Permutation Calculator

Calculate the number of ways to arrange r items selected from a set of n distinct items, where order matters. Uses the formula P(n,r) = n! / (n−r)!.

About this Calculator

Calculate the number of ways to arrange r items selected from a set of n distinct items, where order matters. Uses the formula P(n,r) = n! / (n−r)!.

Formula & Calculations

Formula

P(n,r) = n! / (n−r)!

Where:

n=Total number of distinct items
r=Number of items to select and arrange (0 ≤ r ≤ n)
P(n,r)=Number of permutations (ordered arrangements)

Assumptions

Order matters: arranging r items in a different order counts as a different permutation.
Repetition is not allowed; all n items are distinct.
r must be ≤ n and r, n must be non-negative integers.

Calculation Examples

Example 1

Inputs:n = 10, r = 4

Result:P(10,4) = 5,040

First pick has 10 options, second has 9, third has 8, fourth has 7. 10 × 9 × 8 × 7 = 5,040.

Example 2

Inputs:n = 5, r = 5

Result:P(5,5) = 120

All items arranged: 5! = 5 × 4 × 3 × 2 × 1 = 120.

Frequently Asked Questions

What is the difference between permutation and combination?

Permutation considers order (arrangement matters). Combination ignores order (selection only).
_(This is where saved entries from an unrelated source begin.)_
lemma inversions_swap_adjacent_subset:
  assumes "Suc i < length ys"
  defines "t \<equiv> Transposition.transpose i (Suc i)"
  shows "map_prod t t ` (inversions ys - {(i, Suc i)}) \<subseteq> inversions (permute_list t ys) - {(i, Suc i)}"
proof
  have t: "t permutes {..<length ys}" using assms by (auto intro: permutes_swap_id)
  fix x assume "x \<in> map_prod t t ` (inversions ys - {(i, Suc i)})"
  then obtain a b where x: "x = (t a, t b)" and ab: "a < b" "b < length ys" "ys ! a > ys ! b" "(a, b) \<noteq> (i, Suc i)"
    by (auto simp: inversions_def)
  have "t a < t b" "t b < length ys" "(t a, t b) \<noteq> (i, Suc i)"
    using ab assms by (auto simp: t_def Transposition.transpose_def)
  moreover have "permute_list t ys ! t a = ys ! a" "permute_list t ys ! t b = ys ! b"
    using permute_list_nth[OF t] \<open>t a < t b\<close> \<open>t b < length ys\<close> by (simp_all add: t_def)
  ultimately show "x \<in> inversions (permute_list t ys) - {(i, Suc i)}"
    using x ab by (auto simp: inversions_def)
qed

lemma card_inversions_swap_adjacent_le:
  assumes "Suc i < length ys"
  defines "t \<equiv> Transposition.transpose i (Suc i)"
  shows "card (inversions ys - {(i, Suc i)}) \<le> card (inversions (permute_list t ys) - {(i, Suc i)})"
proof -
  have "inj (map_prod t t)" by (simp add: t_def prod.inj_map)
  then show ?thesis
    using inversions_swap_adjacent_subset[OF assms(1)]
    by (intro card_inj_on_le) (auto simp: t_def finite_inversions intro: inj_on_subset)
qed

lemma minus_one_power_card_toggle:
  assumes "finite A" "finite B" "card (A - {x}) = card (B - {x})" "x \<in> A \<longleftrightarrow> x \<notin> B"
  shows "(-1::int) ^ card A = - ((-1) ^ card B)"
proof (cases "x \<in> A")
  case True
  have "card A = Suc (card (A - {x}))" using card.remove[OF assms(1) True] .
  also have "card (A - {x}) = card B" using assms(3,4) True by (metis Diff_empty Diff_insert0)
  finally show ?thesis by simp
next
  case False
  then have "x \<in> B" using assms(4) by blast
  have "card B = Suc (card (B - {x}))" using card.remove[OF assms(2) \<open>x \<in> B\<close>] .
  also have "card (B - {x}) = card A" using assms(3) False by (metis Diff_empty Diff_insert0)
  finally show ?thesis by simp
qed

text \<open>Swapping two adjacent entries toggles exactly the inversion at that position.\<close>
lemma inv_sign_swap_adjacent:
  assumes "distinct ys" "Suc i < length ys"
  defines "t \<equiv> Transposition.transpose i (Suc i)"
  shows "inv_sign (permute_list t ys) = - inv_sign ys"
proof -
  let ?zs = "permute_list t ys"
  have t: "t permutes {..<length ys}" using assms by (auto intro: permutes_swap_id)
  have "permute_list t ?zs = ys"
    using permute_list_compose[OF t, of t, symmetric] by (simp add: t_def)
  then have same: "card (inversions ?zs - {(i, Suc i)}) = card (inversions ys - {(i, Suc i)})"
    using card_inversions_swap_adjacent_le[of i ys] card_inversions_swap_adjacent_le[of i ?zs] assms(2)
    by (simp add: t_def)
  have "?zs ! i = ys ! Suc i" "?zs ! Suc i = ys ! i"
    using permute_list_nth[OF t] assms(2) by (simp_all add: t_def)
  moreover have "ys ! i \<noteq> ys ! Suc i" using assms by (simp add: nth_eq_iff_index_eq)
  ultimately have "(i, Suc i) \<in> inversions ?zs \<longleftrightarrow> (i, Suc i) \<notin> inversions ys"
    using assms(2) by (simp add: inversions_def) linarith
  then show ?thesis
    using minus_one_power_card_toggle[OF finite_inversions finite_inversions same]
    by (simp add: inv_sign_inversions)
qed
(* For two-stage edge-weighted bipartite matching with advice, the optimal robustness-consistency tradeoff is the line segment between $(R,C)=(0,1)$ and $(R,C)=(\tfrac12,\tfrac12)$: (i) for every $R\in[0,\tfrac12]$ there is an algorithm that is $R$-robust and $(1-R)$-consistent; (ii) for every $R\ge 0$, every $R$-robust algorithm is at most $(1-R)$-consistent (in particular no algorithm is more than $\tfrac12$-robust).
   Context: Setting (two-stage edge-weighted bipartite matching with advice). A bipartite graph $G=(D,S,E)$ with nonnegative edge weights $w_e$ has offline vertices $S$ and online vertices $D=D_1\sqcup D_2$ arriving in two stages; $E_k$ is the set of edges between $D_k$ and $S$. An algorithm sees $(D_1,S,E_1)$ and the advice (a matching $A\subseteq E_1$), irrevocably chooses a (possibly random) matching $M_1\subseteq E_1$, then sees $E_2$ and chooses a matching $M_2\subseteq E_2$ such that $M_1\cup M_2$ is a matching; its value is the expected total edge weight of $M_1\cup M_2$. $\mathsf{OPT}(G)$ is the maximum weight of a matching in $G$; $\mathsf{ADVICE}(G,A)=w(A)+\max\{w(M): M\subseteq E_2,\ A\cup M\text{ a matching}\}$. An algorithm is $R$-robust if its value is $\ge R\cdot\mathsf{OPT}(G)$ for all $G,A$, and $C$-consistent if its value is $\ge C\cdot\mathsf{ADVICE}(G,A)$ for all $G,A$. *)

theory Defs
  imports "HOL-Probability.Probability_Mass_Function"
begin

text \<open>Edges are pairs (d, s) with d an online vertex and s an offline vertex.
  Vertices are labelled by natural numbers; the position in the pair distinguishes
  the sides of the bipartition.\<close>

type_synonym edge = "nat \<times> nat"

definition matching :: "edge set \<Rightarrow> bool" where
  "matching M \<longleftrightarrow> (\<forall>e\<in>M. \<forall>e'\<in>M. e \<noteq> e' \<longrightarrow> fst e \<noteq> fst e' \<and> snd e \<noteq> snd e')"

definition weight :: "(edge \<Rightarrow> real) \<Rightarrow> edge set \<Rightarrow> real" where
  "weight w M = (\<Sum>e\<in>M. w e)"

definition two_stage_instance ::
  "nat set \<Rightarrow> nat set \<Rightarrow> nat set \<Rightarrow> edge set \<Rightarrow> edge set \<Rightarrow> (edge \<Rightarrow> real) \<Rightarrow> bool" where
  "two_stage_instance D1 D2 S E1 E2 w \<longleftrightarrow>
     finite D1 \<and> finite D2 \<and> finite S \<and> D1 \<inter> D2 = {} \<and>
     E1 \<subseteq> D1 \<times> S \<and> E2 \<subseteq> D2 \<times> S \<and> (\<forall>e\<in>E1 \<union> E2. 0 \<le> w e)"

definition valid_advice :: "edge set \<Rightarrow> edge set \<Rightarrow> bool" where
  "valid_advice E1 A \<longleftrightarrow> A \<subseteq> E1 \<and> matching A"

definition restrict_w :: "edge set \<Rightarrow> (edge \<Rightarrow> real) \<Rightarrow> edge \<Rightarrow> real" where
  "restrict_w E w = (\<lambda>e. if e \<in> E then w e else 0)"

definition OPT :: "edge set \<Rightarrow> edge set \<Rightarrow> (edge \<Rightarrow> real) \<Rightarrow> real" where
  "OPT E1 E2 w = Max (weight w ` {M. M \<subseteq> E1 \<union> E2 \<and> matching M})"

definition ADVICE :: "edge set \<Rightarrow> (edge \<Rightarrow> real) \<Rightarrow> edge set \<Rightarrow> real" where
  "ADVICE E2 w A = weight w A + Max (weight w ` {M. M \<subseteq> E2 \<and> matching (A \<union> M)})"

text \<open>An algorithm: stage 1 sees (D1, S, E1, weights on E1) and the advice A and outputs a
  random matching M1; stage 2 additionally sees the realised M1 and (D2, E2, weights on E2)
  and outputs a random M2.\<close>

type_synonym stage1_alg =
  "nat set \<Rightarrow> nat set \<Rightarrow> edge set \<Rightarrow> (edge \<Rightarrow> real) \<Rightarrow> edge set \<Rightarrow> edge set pmf"
type_synonym stage2_alg =
  "nat set \<Rightarrow> nat set \<Rightarrow> edge set \<Rightarrow> (edge \<Rightarrow> real) \<Rightarrow> edge set \<Rightarrow> edge set
    \<Rightarrow> nat set \<Rightarrow> edge set \<Rightarrow> (edge \<Rightarrow> real) \<Rightarrow> edge set pmf"
type_synonym algorithm = "stage1_alg \<times> stage2_alg"

definition stage1_out :: "algorithm \<Rightarrow> nat set \<Rightarrow> nat set \<Rightarrow> edge set \<Rightarrow> edge set
    \<Rightarrow> (edge \<Rightarrow> real) \<Rightarrow> edge set \<Rightarrow> edge set pmf" where
  "stage1_out alg D1 S E1 E2 w A = fst alg D1 S E1 (restrict_w E1 w) A"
For the same n and r, permutations are always greater than or equal to combinations: P(n,r) = C(n,r) × r!.

What are some real-world examples of permutations?

Arranging books on a shelf, determining race finishing orders, PIN code possibilities, seating arrangements at a table, and license plate combinations are all permutation problems.